Whatever else was inside the wolf shape, Ienzo definitely was. He could still follow conversation, and they had many full-moon talks in their shared living room, Ienzo curled neatly as ever on the floor. He always complained about not being able to talk. Braig laughed and said that was the best part. The condition couldn't be transmitted by biting, Braig discovered with some disappointment.

The only thing they didn't test was Ienzo's alleged immortality. According to legend, he could only be permanently killed by fire or silver (or otherwise making sure that there wasn't enough of him to heal), but Ienzo put his foot down and said it was just legend, the usual proportion of his ancestors were dead, and this went beyond the bounds of reasonable risk. Since it was his life, they acquiesced. Eventually Even stopped asking.
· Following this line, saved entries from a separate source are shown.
lemma S_gap:
  assumes "a ^ (2*i+1) < x" "x < a ^ (2*i+2)"
  shows "x \<notin> S_set a"
proof
  assume "x \<in> S_set a"
  then obtain j where j: "a ^ (2*j) \<le> x" "x \<le> a ^ (2*j+1)"
    unfolding S_set_def S_block_def by auto
  show False
  proof (cases "j \<le> i")
    case True
    then have "a ^ (2*j+1) \<le> a ^ (2*i+1)" using a2 by (intro power_increasing) auto
    then show False using assms j by linarith
  next
    case False
    then have "a ^ (2*i+2) \<le> a ^ (2*j)" using a2 by (intro power_increasing) auto
    then show False using assms j by linarith
  qed
qed

lemma S_concat_no_AP4:
  fixes \<sigma> :: "nat \<Rightarrow> nat list"
  assumes "\<And>i. set (\<sigma> i) = S_block a i" "\<And>i. \<not> has_AP_list 3 (\<sigma> i)"
  shows "\<not> has_AP_seq 4 (concat_inf \<sigma>)"
proof (rule concat_inf_no_AP4)
  show "\<sigma> i \<noteq> []" for i using S_block_nonempty[of i] assms(1)[of i] by auto
  then have mem: "concat_inf \<sigma> n \<in> S_block a (blk_index \<sigma> n)" for n
    using concat_inf_mem assms(1) by metis
  fix p q r :: nat assume "p < q" "q < r" and later: "blk_index \<sigma> q < blk_index \<sigma> r"
  from later have "2 * concat_inf \<sigma> q \<le> concat_inf \<sigma> r" by (rule S_block_double[OF mem mem])
  moreover have "1 \<le> concat_inf \<sigma> p" using S_block_pos mem by blast
  ultimately show "int (concat_inf \<sigma> q) - int (concat_inf \<sigma> p) \<noteq>
      int (concat_inf \<sigma> r) - int (concat_inf \<sigma> q)" by linarith
qed (use assms(2) in simp)
definition ggp_law ::
  "(nat \<Rightarrow> real) measure \<Rightarrow> (nat \<Rightarrow> real) measure \<Rightarrow> (nat \<Rightarrow> real) measure
   \<Rightarrow> real \<Rightarrow> real \<Rightarrow> (nat \<times> nat \<times> nat \<Rightarrow> bool) measure" where
  "ggp_law Prho Ptau Pr e f =
     bind (Prho \<Otimes>\<^sub>M (Ptau \<Otimes>\<^sub>M Pr)) (\<lambda>(rho, tau, r).
       bind (PiM (UNIV :: (nat \<times> nat) set) (\<lambda>(i, k). gamma_measure (rho i) (1 / e))) (\<lambda>theta.
         bind (PiM (UNIV :: (nat \<times> nat) set) (\<lambda>(j, k). gamma_measure (tau j) (1 / f))) (\<lambda>psi.
           PiM (UNIV :: (nat \<times> nat \<times> nat) set)
             (\<lambda>(i, j, k). bernoulli_measure (1 - exp (- (r k * theta (i, k) * psi (j, k))))))))"

definition ggp_adj :: "(nat \<times> nat \<times> nat \<Rightarrow> bool) \<Rightarrow> nat \<Rightarrow> nat \<Rightarrow> bool" where
  "ggp_adj z i j \<longleftrightarrow> (\<exists>k. z (i, j, k))"

end

theory Submission
  imports Defs
begin

text \<open>
  Everything is controlled by first moments. By Campbell's formula, applied to a step function
  squeezed between |r| and 2|r|, the atoms of a gamma process with mass g0 and rate c have
  expected total size at most 2 g0 / c, so the weights rho, tau and r are a.s. absolutely summable.
  Given them, the sum of r_k theta_ik over (i, k) has mean (sum rho)(sum r) / e; given also theta,
  the sum of r_k theta_ik psi_jk over (i, j, k) has mean (sum of r_k theta_ik)(sum tau) / f. So both
  sums are a.s. finite, and since 1 - exp (-x) \<le> x, the expected number of triples with
  z_ijk = 1 is finite. Hence a.s. only finitely many z_ijk are 1, and the graph has finitely many
  edges.
\<close>

section \<open>Almost-everywhere reasoning and countable sums\<close>

text \<open>No measurability of f is needed: for non-measurable f, distr M N f is the null measure.\<close>

lemma emeasure_distr_eq_0_of_AE:
  assumes "AE x in M. f x \<notin> A"
  shows "emeasure (distr M N f) A = 0"
proof -
  obtain B where B: "B \<in> null_sets M" "{x \<in> space M. f x \<in> A} \<subseteq> B"
    using assms by (auto elim!: AE_E)
  have "emeasure M (f -` A \<inter> space M) = 0"
  proof (cases "f -` A \<inter> space M \<in> sets M")
    case True
    moreover have "f -` A \<inter> space M \<subseteq> B" using B(2) by auto
    ultimately show ?thesis using null_sets_subset[OF B(1)] by (simp add: null_setsD1)
  qed (simp add: emeasure_notin_sets)
  moreover have "emeasure (distr M N f) A \<le> emeasure M (f -` A \<inter> space M)"
    unfolding distr_def by (simp add: emeasure_measure_of_conv)
  ultimately show ?thesis by simp
qed

text \<open>Unlike the library's AE_bind, this needs no measurability of the kernel N.\<close>

lemma AE_bindI:
  assumes AE: "AE x in M. AE y in N x. P y"
    and M: "space M \<noteq> {}"
    and sets_N: "\<And>x. x \<in> space M \<Longrightarrow> sets (N x) = sets B"
    and P: "Measurable.pred B P"
  shows "AE y in M \<bind> N. P y"
proof -
  define x0 where "x0 = (SOME x. x \<in> space M)"
  have x0: "x0 \<in> space M" unfolding x0_def using M by (simp add: some_in_eq)
  define D where "D = distr M (subprob_algebra (N x0)) N"
  have sets_D: "sets D = sets (subprob_algebra (N x0))" unfolding D_def by simp
  define Bad where "Bad = {y \<in> space B. \<not> P y}"
  have Bad: "Bad \<in> sets (N x0)" unfolding Bad_def using sets_N[OF x0] P by simp
  define G where "G = {M' \<in> space (subprob_algebra (N x0)). emeasure M' Bad \<noteq> 0}"
  have G: "G \<in> sets (subprob_algebra (N x0))"
    using measurable_emeasure_subprob_algebra[OF Bad] unfolding G_def by measurable
  have "AE x in M. N x \<notin> G"
    using AE
  proof (rule AE_mp, intro AE_I2 impI)
    fix x assume x: "x \<in> space M" and "AE y in N x. P y"
    moreover have "Bad = {y \<in> space (N x). \<not> P y}"
      using sets_eq_imp_space_eq[OF sets_N[OF x]] unfolding Bad_def by simp
    ultimately have "emeasure (N x) Bad = 0"
      using AE_iff_measurable Bad sets_N[OF x] sets_N[OF x0] by metis
    then show "N x \<notin> G" unfolding G_def by simp
  qed
  then have "emeasure D G = 0"
    unfolding D_def by (rule emeasure_distr_eq_0_of_AE)
  then have "AE M' in D. emeasure M' Bad = 0"
  proof (intro AE_I'[of G])
    show "G \<in> null_sets D" by (intro null_setsI) (simp_all add: sets_D G \<open>emeasure D G = 0\<close>)
    show "{M' \<in> space D. emeasure M' Bad \<noteq> 0} \<subseteq> G"
      using sets_eq_imp_space_eq[OF sets_D] unfolding G_def by auto
  qed
  then have "(\<integral>\<^sup>+M'. emeasure M' Bad \<partial>D) = 0"
    by (subst nn_integral_cong_AE[where v="\<lambda>_. 0"]) auto
  then have "emeasure (join D) Bad = 0"
    using emeasure_join[OF sets_D Bad] by simp
  moreover have "M \<bind> N = join D"
    unfolding D_def x0_def by (simp add: bind_nonempty M)
  moreover have sets_MN: "sets (M \<bind> N) = sets B"
    using sets_N M by (rule sets_bind)
  ultimately have "Bad \<in> null_sets (M \<bind> N)"
    using P unfolding Bad_def by (intro null_setsI) simp_all
  moreover have "{y \<in> space (M \<bind> N). \<not> P y} \<subseteq> Bad"
    using sets_eq_imp_space_eq[OF sets_MN] unfolding Bad_def by simp
  ultimately show ?thesis by (rule AE_I')
qed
It was typical of Ienzo's mind that his last coherent thought, as the darkness overwhelmed him, was, "Someone should modify the legend to add 'or darkness'."

As it turned out, it wasn't the last thought of Ienzo's mind, though Ienzo was gone forever. Zexion awoke within the mind that had once belonged to Ienzo, with a new power of illusion, his old sense of smell, no heart, and a gaping hole in his mind where the change should be.

He wanted that back. He only ever admitted once how much he missed it, that second skin, that last chance, the physical strength he had never had while human, and Lexaeus never told. Zexion wanted his heart back, he wanted Ienzo back, but most of all he wanted that comfort that Ienzo had had and taken for granted. He would do anything it took, anything, to get that back. He laughed when the neophytes called Seven "Werewolf", because Saïx might draw his berserk power from the moon, but he was nothing like a werewolf, nothing at all—and yet Zexion was jealous of him, ferociously jealous, because the pale imitation Saïx had Zexion would give anything to have.

At the last, when pale hands closed around his throat, all Zexion could see was silver, all he could smell was fire, and all he could think was, "Maybe the legends were right, after all."